[Met Performance] CID:71350
Il Trovatore {131} Academy of Music, Philadelphia, Pennsylvania: 03/4/1919.


Philadelphia, Pennsylvania
Academy of Music
March 4, 1919

Giuseppe Verdi--Salvatore Cammarano

Manrico.................Giulio Crimi
Leonora.................Claudia Muzio
Count Di Luna...........Giuseppe De Luca
Azucena.................Margarete Matzenauer
Ferrando................Léon Rothier
Ines....................Minnie Egener
Ruiz....................Pietro Audisio
Gypsy...................Vincenzo Reschiglian

Conductor...............Gennaro Papi

Review from a Philadelphia newspaper


Her Success Was Outstanding Feature of Opera Performance

While the hackneyed, threadbare measures of Verdi's "Il Trovatore" do not contain much of inspiration for those of experienced, discriminating taste, the large audience at the Metropolitan Opera House last night where the Metropolitan Opera Company of New York offered this work as a contribution to the week's musical fare would indicate that there are many who enjoy he familiar old opera and find entertainment in its conventional operatic plot. Whatever may be said in commendation of such antiquated forms of musical art, it is certainly possible to extol the manner in which Verdi wrote for his singers. No merely dramatic soprano could essay the Leonora role. Only a glorified combination of dramatic, lyric and coloratura soprano can successfully cope with music that demands no only all styles of technical vocalization, but an exhaustive and interesting variety of emotional expression. Happily, last night's soprano, in addition to an appealing and graceful personality, has a glorious, fresh voice capable of obeying any demand and fulfilling all technical requirements.

Rarely does a soprano combine as many vocal qualities and while Claudia Muzio's voice seems to have many registers, and to be uneven in tone and development, it is really the necessities of the music and her vocal flexibility that produce such results.

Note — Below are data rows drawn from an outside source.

(* Let $H\subset\mathbb{R}^n$ be a bounded domain and let $u_1,u_2\in C^2(H)\cap C(\overline H)$ be bounded functions with $D_{H,\varphi}u_1\le D_{H,\varphi}u_2$ in $H$ and $u_1=u_2=\varphi$ on $\partial H$. Then $u_1\le u_2$ in $H$.
   Context: For an open set $H\subset\mathbb{R}^n$, a function $\varphi$ on $\partial H$ and $u$ on $\overline H$ with $u=\varphi$ on $\partial H$, let $v$ be the bounded harmonic function in $\Omega=H\times(0,\infty)$, continuous up to the boundary, with $v(x,0)=u(x)$ for $x\in H$ and $v(x,\lambda)=\varphi(x)$ on $\partial H\times[0,\infty)$. Define $D_{H,\varphi}u(x):=-\partial_\lambda v(x,0)$ for $x\in H$. *)

theory Defs
  imports "HOL-Analysis.Analysis"
begin

definition C2_with :: "'a::euclidean_space set \<Rightarrow> ('a \<Rightarrow> real) \<Rightarrow> ('a \<Rightarrow> 'a \<Rightarrow>\<^sub>L real)
    \<Rightarrow> ('a \<Rightarrow> 'a \<Rightarrow>\<^sub>L ('a \<Rightarrow>\<^sub>L real)) \<Rightarrow> bool" where
  "C2_with S f f' f'' \<longleftrightarrow>
     (\<forall>z\<in>S. (f has_derivative blinfun_apply (f' z)) (at z)
           \<and> (f' has_derivative blinfun_apply (f'' z)) (at z))
     \<and> continuous_on S f''"

definition C2_on :: "'a::euclidean_space set \<Rightarrow> ('a \<Rightarrow> real) \<Rightarrow> bool" where
  "C2_on S f \<longleftrightarrow> (\<exists>f' f''. C2_with S f f' f'')"

definition harmonic_on :: "'a::euclidean_space set \<Rightarrow> ('a \<Rightarrow> real) \<Rightarrow> bool" where
  "harmonic_on S f \<longleftrightarrow> open S \<and> (\<exists>f' f''. C2_with S f f' f'' \<and>
      (\<forall>z\<in>S. (\<Sum>b\<in>Basis. blinfun_apply (blinfun_apply (f'' z) b) b) = 0))"

definition harmonic_ext :: "'a::euclidean_space set \<Rightarrow> ('a \<Rightarrow> real) \<Rightarrow> ('a \<Rightarrow> real)
    \<Rightarrow> ('a \<times> real \<Rightarrow> real) \<Rightarrow> bool" where
  "harmonic_ext H \<phi> u v \<longleftrightarrow>
     harmonic_on (H \<times> {0<..}) v
     \<and> bounded (v ` (H \<times> {0<..}))
     \<and> continuous_on (closure (H \<times> {0<..})) v
     \<and> (\<forall>x\<in>H. v (x, 0) = u x)
     \<and> (\<forall>x\<in>frontier H. \<forall>s\<ge>0. v (x, s) = \<phi> x)"

text \<open>DtN_has H phi u x d  means  D_{H,phi} u (x) = d, i.e. d = - d/d lambda v(x,0)
  (one-sided derivative at lambda = 0) for the harmonic extension v.\<close>
definition DtN_has :: "'a::euclidean_space set \<Rightarrow> ('a \<Rightarrow> real) \<Rightarrow> ('a \<Rightarrow> real)
    \<Rightarrow> 'a \<Rightarrow> real \<Rightarrow> bool" where
  "DtN_has H \<phi> u x d \<longleftrightarrow>
     (\<exists>v. harmonic_ext H \<phi> u v \<and>
          ((\<lambda>t. v (x, t)) has_real_derivative (- d)) (at 0 within {0..}))"

end

theory Submission
  imports Defs
begin

(* If v1, v2 are the bounded harmonic extensions of u1, u2 to the half cylinder
   Omega = H x (0,oo), then w = v2 - v1 is bounded and harmonic, vanishes on the lateral
   boundary (both equal phi there), and its normal derivative at the bottom is
   D u1 - D u2 <= 0.  The heart of the proof is a minimum principle for such w
   (half_cylinder_minimum_principle), proved with the barrier
       z = w + delta s + epsilon (exp (-s) - |x|^2),    0 < delta < epsilon.
   z is strictly superharmonic, so it has no interior minimum (second derivative test
   along the coordinate directions); at the bottom its normal derivative is negative,
   so it has no minimum there either; far up, delta s beats the bound of w.  Hence the
   minimum of z over a truncated cylinder is >= -epsilon B^2, so w >= -epsilon C, and
   w >= 0 as epsilon -> 0.  The same principle gives uniqueness of the harmonic
   extension, so D u (x) is well defined; evaluating w >= 0 at s = 0 gives u1 <= u2. *)

lemma harmonic_on_diff:
  assumes "harmonic_on S f" "harmonic_on S g"
  shows "harmonic_on S (\<lambda>y. f y - g y)"
proof -
  obtain f' f'' where f: "C2_with S f f' f''"
    "\<forall>z\<in>S. (\<Sum>b\<in>Basis. blinfun_apply (blinfun_apply (f'' z) b) b) = 0"
    using assms(1) unfolding harmonic_on_def by blast
  obtain g' g'' where g: "C2_with S g g' g''"
    "\<forall>z\<in>S. (\<Sum>b\<in>Basis. blinfun_apply (blinfun_apply (g'' z) b) b) = 0"
    using assms(2) unfolding harmonic_on_def by blast
  have "C2_with S (\<lambda>y. f y - g y) (\<lambda>y. f' y - g' y) (\<lambda>y. f'' y - g'' y)"
    using f(1) g(1) unfolding C2_with_def minus_blinfun.rep_eq fun_diff_def
    by (auto intro!: has_derivative_diff continuous_on_diff)
  moreover have "\<forall>z\<in>S. (\<Sum>b\<in>Basis. blinfun_apply (blinfun_apply (f'' z - g'' z) b) b) = 0"
    using f(2) g(2) by (simp add: blinfun.diff_left sum_subtractf)
  ultimately show ?thesis using assms(1) unfolding harmonic_on_def by blast
qed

She was refreshing in her spontaneous and expressive singing, and while the performance of the "Leonora" character does not admit of any departures from the traditional old-fashioned school of stilted, unnatural action, her grace was always a pleasing feature of a fine portrayal of a difficult role. The "Azucena" of Matzenauer is one of the popular contralto's most effective and commanding parts. Her dramatic temperament finds congenial outlet, while her rich, vibrant tones are inspiring in their power and beauty.

The Manrico music should always be sung by a tenor of exceptional endowment. Giulio Crimi was not equal to much of the fine, melodious music that fell to his lot, and while he had some good points vocally, he was by no means an ideal or satisfying figure in this important role. The Count Di Luna of Giuseppe De Luca at least had the melodious tone to recommend it. It seems a shame that a voice of so much natural beauty should be forced so unmercifully. De Luca has a fine vocal quality which he ruins by excessive effort. This fault in turn leads him off the key and results in great detraction from what should be an exceptional performance since he has plenty of temperament and dramatic ability. The orchestral work, under the direction of Papi, had much to do with the singers forcing their tones. The orchestra is a superb instrument, but it is with some conductors an unremitting tyrant, obliging the singers to exert every effort to sing over the unnecessary and inartistic volume of tone and turning the most harmless Italian operas into what formerly was considered in this country true Wagnerian style. Despite a badly-balanced cast and the orchestral conspicuousness, the opera evoked enthusiastic applause and had enjoyable moments.